He worked with Murray to develop thermal-infrared systems for use at a variety of telescopes including the venerable 152-centimeter (60-inch) reflector at Mount Wilson. Although he was generally aware of how these different projects were funded, knowing that there were in effect unlimited resources available, he preferred to work frugally and creatively, employing his knowledge and expertise gathered from his amateur days and scrounging in the field. Westphal contributed to a wide variety of projects and programs ranging from monitoring volcanic activity and glacial ice flows to building special aquaria for sustained and systematic studies of deep-sea life for the paleoecologist Heinz Lowenstam, who used isotope chemistry to understand the environmental conditions under which shellfish thrived or starved.
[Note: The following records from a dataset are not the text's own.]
(* Let $G$ be a group and $N\subseteq G$ a normal subgroup. If $G$ has no non-trivial narrow normal subgroups, then the center $Z(N)$ of $N$ is trivial.
   Context: A group is narrow if it contains no subgroup isomorphic to the free group $F_2$ of rank $2$. *)

theory Defs
  imports "HOL-Algebra.Algebra"
begin

text \<open>The free group of rank 2 as reduced words. A letter is a pair (generator, sign):
  generator False = a, True = b; sign True = positive exponent, False = inverse.\<close>

type_synonym letter = "bool \<times> bool"

definition inv_letter :: "letter \<Rightarrow> letter" where
  "inv_letter x = (fst x, \<not> snd x)"

fun red_cons :: "letter \<Rightarrow> letter list \<Rightarrow> letter list" where
  "red_cons x [] = [x]"
| "red_cons x (y # ys) = (if y = inv_letter x then ys else x # y # ys)"

definition reduce_word :: "letter list \<Rightarrow> letter list" where
  "reduce_word w = foldr red_cons w []"

definition reduced_word :: "letter list \<Rightarrow> bool" where
  "reduced_word w \<longleftrightarrow> (\<forall>i. Suc i < length w \<longrightarrow> w ! Suc i \<noteq> inv_letter (w ! i))"

definition free_group2 :: "letter list monoid" where
  "free_group2 = \<lparr>carrier = {w. reduced_word w}, monoid.mult = (\<lambda>u v. reduce_word (u @ v)), one = []\<rparr>"

definition narrow :: "('a, 'b) monoid_scheme \<Rightarrow> bool" where
  "narrow K \<longleftrightarrow> \<not> (\<exists>H. subgroup H K \<and> K\<lparr>carrier := H\<rparr> \<cong> free_group2)"

definition group_center :: "('a, 'b) monoid_scheme \<Rightarrow> 'a set" where
  "group_center K = {z \<in> carrier K. \<forall>x \<in> carrier K. z \<otimes>\<^bsub>K\<^esub> x = x \<otimes>\<^bsub>K\<^esub> z}"

end

theory Submission
  imports Defs
begin

text \<open>Conjugation by an element of G maps the normal subgroup N onto itself and hence
  maps its centre Z(N) onto itself, so Z(N) is normal in G. Being abelian, Z(N) is narrow,
  because F_2 is not abelian and abelianness passes to subgroups and isomorphic copies.
  The hypothesis on G therefore forces Z(N) to be trivial.\<close>

lemma hom_onto_preserves_commute:
  assumes h: "h \<in> hom A B" "h ` carrier A = carrier B"
    and comm: "\<And>x y. x \<in> carrier A \<Longrightarrow> y \<in> carrier A \<Longrightarrow> x \<otimes>\<^bsub>A\<^esub> y = y \<otimes>\<^bsub>A\<^esub> x"
    and "u \<in> carrier B" "v \<in> carrier B"
  shows "u \<otimes>\<^bsub>B\<^esub> v = v \<otimes>\<^bsub>B\<^esub> u"
proof -
  obtain x y where "x \<in> carrier A" "y \<in> carrier A" "u = h x" "v = h y"
    using h(2) assms(4,5) by blast
  then show ?thesis
    using h(1) comm by (metis hom_mult)
qed

lemma free_group2_not_commutative:
  "\<exists>u\<in>carrier free_group2. \<exists>v\<in>carrier free_group2.
     u \<otimes>\<^bsub>free_group2\<^esub> v \<noteq> v \<otimes>\<^bsub>free_group2\<^esub> u"
proof (intro bexI)
  show "[(False,True)] \<otimes>\<^bsub>free_group2\<^esub> [(True,True)] \<noteq> [(True,True)] \<otimes>\<^bsub>free_group2\<^esub> [(False,True)]"
    by (simp add: free_group2_def reduce_word_def inv_letter_def)
qed (auto simp: free_group2_def reduced_word_def)

lemma commutative_imp_narrow:
  assumes "\<And>x y. x \<in> carrier K \<Longrightarrow> y \<in> carrier K \<Longrightarrow> x \<otimes>\<^bsub>K\<^esub> y = y \<otimes>\<^bsub>K\<^esub> x"
  shows "narrow K"
  unfolding narrow_def
proof
  assume "\<exists>H. subgroup H K \<and> K\<lparr>carrier := H\<rparr> \<cong> free_group2"
  then obtain H h where H: "subgroup H K" and h: "h \<in> iso (K\<lparr>carrier := H\<rparr>) free_group2"
    unfolding is_iso_def by blast
  have "u \<otimes>\<^bsub>free_group2\<^esub> v = v \<otimes>\<^bsub>free_group2\<^esub> u"
    if "u \<in> carrier free_group2" "v \<in> carrier free_group2" for u v
  proof (rule hom_onto_preserves_commute[OF _ _ _ that])
    show "h \<in> hom (K\<lparr>carrier := H\<rparr>) free_group2"
      and "h ` carrier (K\<lparr>carrier := H\<rparr>) = carrier free_group2"
      using h by (auto simp: iso_def bij_betw_def)
    show "x \<otimes>\<^bsub>K\<lparr>carrier := H\<rparr>\<^esub> y = y \<otimes>\<^bsub>K\<lparr>carrier := H\<rparr>\<^esub> x"
      if "x \<in> carrier (K\<lparr>carrier := H\<rparr>)" "y \<in> carrier (K\<lparr>carrier := H\<rparr>)" for x y
      using that assms subgroup.subset[OF H] by auto
  qed
  with free_group2_not_commutative show False by blast
qed

lemma narrow_center: "narrow (K\<lparr>carrier := group_center K\<rparr>)"
proof (rule commutative_imp_narrow)
  fix x y
  assume "x \<in> carrier (K\<lparr>carrier := group_center K\<rparr>)"
    and "y \<in> carrier (K\<lparr>carrier := group_center K\<rparr>)"
  then have "x \<in> group_center K" "y \<in> carrier K"
    by (simp_all add: group_center_def)
  then have "x \<otimes>\<^bsub>K\<^esub> y = y \<otimes>\<^bsub>K\<^esub> x"
    unfolding group_center_def by blast
  then show "x \<otimes>\<^bsub>K\<lparr>carrier := group_center K\<rparr>\<^esub> y = y \<otimes>\<^bsub>K\<lparr>carrier := group_center K\<rparr>\<^esub> x"
    by simp
qed

lemma (in group) commute_imp_inv_commute:
  assumes "a \<otimes> x = x \<otimes> a" "a \<in> carrier G" "x \<in> carrier G"
  shows "inv a \<otimes> x = x \<otimes> inv a"
proof -
  have "inv a \<otimes> x = inv a \<otimes> (x \<otimes> a) \<otimes> inv a"
    using assms(2,3) by (simp add: m_assoc)
  also have "\<dots> = inv a \<otimes> (a \<otimes> x) \<otimes> inv a"
    by (simp add: assms(1))
  also have "\<dots> = x \<otimes> inv a"
    using assms(2,3) by (simp add: m_assoc [symmetric])
  finally show ?thesis .
qed

lemma (in group) commute_conj_imp_conj_commute:
  assumes "z \<otimes> (inv g \<otimes> x \<otimes> g) = (inv g \<otimes> x \<otimes> g) \<otimes> z"
    and "g \<in> carrier G" "z \<in> carrier G" "x \<in> carrier G"
  shows "g \<otimes> z \<otimes> inv g \<otimes> x = x \<otimes> (g \<otimes> z \<otimes> inv g)"
proof -
  have "g \<otimes> z \<otimes> inv g \<otimes> x = g \<otimes> (z \<otimes> (inv g \<otimes> x \<otimes> g)) \<otimes> inv g"
    using assms(2-) by (simp add: m_assoc)
  also have "\<dots> = g \<otimes> ((inv g \<otimes> x \<otimes> g) \<otimes> z) \<otimes> inv g"
    by (simp add: assms(1))
  also have "\<dots> = x \<otimes> (g \<otimes> z \<otimes> inv g)"
    using assms(2-) by (simp add: m_assoc [symmetric])
  finally show ?thesis .
qed

lemma mem_group_center_restrict:
  "z \<in> group_center (G\<lparr>carrier := N\<rparr>) \<longleftrightarrow> z \<in> N \<and> (\<forall>x\<in>N. z \<otimes>\<^bsub>G\<^esub> x = x \<otimes>\<^bsub>G\<^esub> z)"
  by (simp add: group_center_def)

lemma (in group) subgroup_center_of_subgroup:
  assumes "subgroup N G"
  shows "subgroup (group_center (G\<lparr>carrier := N\<rparr>)) G"
proof -
  have N: "N \<subseteq> carrier G"
    using assms by (rule subgroup.subset)
  show ?thesis
  proof (rule subgroupI)
    show "group_center (G\<lparr>carrier := N\<rparr>) \<subseteq> carrier G"
      using N by (auto simp: mem_group_center_restrict)
    have "\<one> \<in> group_center (G\<lparr>carrier := N\<rparr>)"
      using N subgroup.one_closed[OF assms] by (auto simp: mem_group_center_restrict)
    then show "group_center (G\<lparr>carrier := N\<rparr>) \<noteq> {}"
      by blast
  next
    fix a b
    assume "a \<in> group_center (G\<lparr>carrier := N\<rparr>)" "b \<in> group_center (G\<lparr>carrier := N\<rparr>)"
    \<comment> \<open>not simp: as rewrite rules, the commutation laws of a and b turn a \<otimes> b and b \<otimes> a
      into each other forever\<close>
    then have a: "a \<in> N" "\<And>x. x \<in> N \<Longrightarrow> a \<otimes> x = x \<otimes> a"
      and b: "b \<in> N" "\<And>x. x \<in> N \<Longrightarrow> b \<otimes> x = x \<otimes> b"
      unfolding mem_group_center_restrict by blast+
    have "inv a \<otimes> x = x \<otimes> inv a" if "x \<in> N" for x
      using that a N by (intro commute_imp_inv_commute a(2)) auto
    then show "inv a \<in> group_center (G\<lparr>carrier := N\<rparr>)"
      using a(1) subgroup.m_inv_closed[OF assms] by (simp add: mem_group_center_restrict)
    have "a \<otimes> b \<otimes> x = x \<otimes> (a \<otimes> b)" if x: "x \<in> N" for x
    proof -
      have carrier: "a \<in> carrier G" "b \<in> carrier G" "x \<in> carrier G"
        using a(1) b(1) x N by auto
      have "a \<otimes> b \<otimes> x = a \<otimes> (x \<otimes> b)"
        using carrier b(2)[OF x] by (simp add: m_assoc)
      also have "\<dots> = (x \<otimes> a) \<otimes> b"
        using carrier a(2)[OF x] by (simp add: m_assoc [symmetric])
      also have "\<dots> = x \<otimes> (a \<otimes> b)"
        using carrier by (simp add: m_assoc)
      finally show ?thesis .
    qed
    then show "a \<otimes> b \<in> group_center (G\<lparr>carrier := N\<rparr>)"
      using a(1) b(1) subgroup.m_closed[OF assms] by (simp add: mem_group_center_restrict)
  qed
qed

lemma (in group) normal_center_of_normal:
  assumes "N \<lhd> G"
  shows "group_center (G\<lparr>carrier := N\<rparr>) \<lhd> G"
proof (rule normal_invI)
  have N: "subgroup N G"
    using assms by (rule normal_imp_subgroup)
  then show "subgroup (group_center (G\<lparr>carrier := N\<rparr>)) G"
    by (rule subgroup_center_of_subgroup)
  have conj_closed: "h \<otimes> n \<otimes> inv h \<in> N" if "h \<in> carrier G" "n \<in> N" for h n
    using assms that by (simp add: normal_inv_iff)
  fix g z assume g: "g \<in> carrier G" and "z \<in> group_center (G\<lparr>carrier := N\<rparr>)"
  then have z: "z \<in> N" "\<And>x. x \<in> N \<Longrightarrow> z \<otimes> x = x \<otimes> z"
    unfolding mem_group_center_restrict by blast+
  have "g \<otimes> z \<otimes> inv g \<otimes> x = x \<otimes> (g \<otimes> z \<otimes> inv g)" if x: "x \<in> N" for x
  proof (rule commute_conj_imp_conj_commute)
    have "inv g \<otimes> x \<otimes> g \<in> N"
      using conj_closed[of "inv g" x] g x by simp
    then show "z \<otimes> (inv g \<otimes> x \<otimes> g) = (inv g \<otimes> x \<otimes> g) \<otimes> z"
      by (rule z(2))
  qed (use g z(1) x subgroup.subset[OF N] in auto)
  then show "g \<otimes> z \<otimes> inv g \<in> group_center (G\<lparr>carrier := N\<rparr>)"
    using conj_closed[OF g z(1)] by (simp add: mem_group_center_restrict)
qed

theorem proposition3p7:
  fixes G :: "('a, 'b) monoid_scheme" and N :: "'a set"
  assumes "group G"
    and "N \<lhd> G"
    and "\<And>M. M \<lhd> G \<Longrightarrow> narrow (G\<lparr>carrier := M\<rparr>) \<Longrightarrow> M = {\<one>\<^bsub>G\<^esub>}"
  shows "group_center (G\<lparr>carrier := N\<rparr>) = {\<one>\<^bsub>G\<^esub>}"
proof (rule assms(3))
  show "group_center (G\<lparr>carrier := N\<rparr>) \<lhd> G"
    using assms(2) by (rule group.normal_center_of_normal[OF assms(1)])
  show "narrow (G\<lparr>carrier := group_center (G\<lparr>carrier := N\<rparr>)\<rparr>)"
    using narrow_center[of "G\<lparr>carrier := N\<rparr>"] by simp
qed

end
This was of critical interest to Lowenstam’s Office of Naval Research (ONR) sponsors, who hoped to find ways to keep their deep-sea operations free from fouling, or incrustation. Westphal worked for Lowenstam quarter-time for many years, helping devise both a means of capturing deep-sea life, using the bathysphere Trieste to bring samples back to the laboratory, and high-pressure aquaria for extended studies.
But his major contributions came in the field of astronomy, where he became both a source and a conduit for new infrared detector technologies and electronic imaging techniques, performing the latter function partly through contact with classified navy programs at the Naval Ordnance Test Station (NOTS) at Inyokern, and partly developing detector systems in his own laboratory on campus. His first association with NOTS in the early 1960s, working with Murray, was to design a mechanical interface for NOTS detectors that they could use on telescopes. As he recalled, the NOTS people were anxious for a critical evaluation of this technology, and so told Westphal that “We could stick it on a telescope and see what happens, without telling you what is in it, or how it works, or anything about it, because it is still classified” (1982a, p. 76). This kind of relationship continued for some time, but eventually Westphal began experimenting with new designs adapted from television technologies.
Starting in the 1960s, Westphal joined others who were keenly interested in developing electronic imaging devices for astronomical application. Increases in sensitivity were a primary goal, but also the ability to return images by telemetry from space-borne telescopes. He worked first with Murray and then with Gerry Neugebauer, Robert Leighton, and others building a survey instrument for assessing the amount and distribution of infrared sources in the sky. He contributed an amplifier design and assisted Dowell Martz to improve thermal-insulating vacuum bottles called “Dewars” for the instrument. In the early 1970s he teamed up with Thomas McCord and others to adapt a small Bellcom device from an experimental picture phone into what he called an integrating two-dimensional Silicon Vidicon photometer, or “SIVIT.” His goal was to couple the two-dimensional imaging capabilities of conventional photography with the high sensitivity and linearity of photoelectric photo-multipliers, especially for the red region, which was an important spectral range for planetary studies and studies of star-forming regions in external galaxies.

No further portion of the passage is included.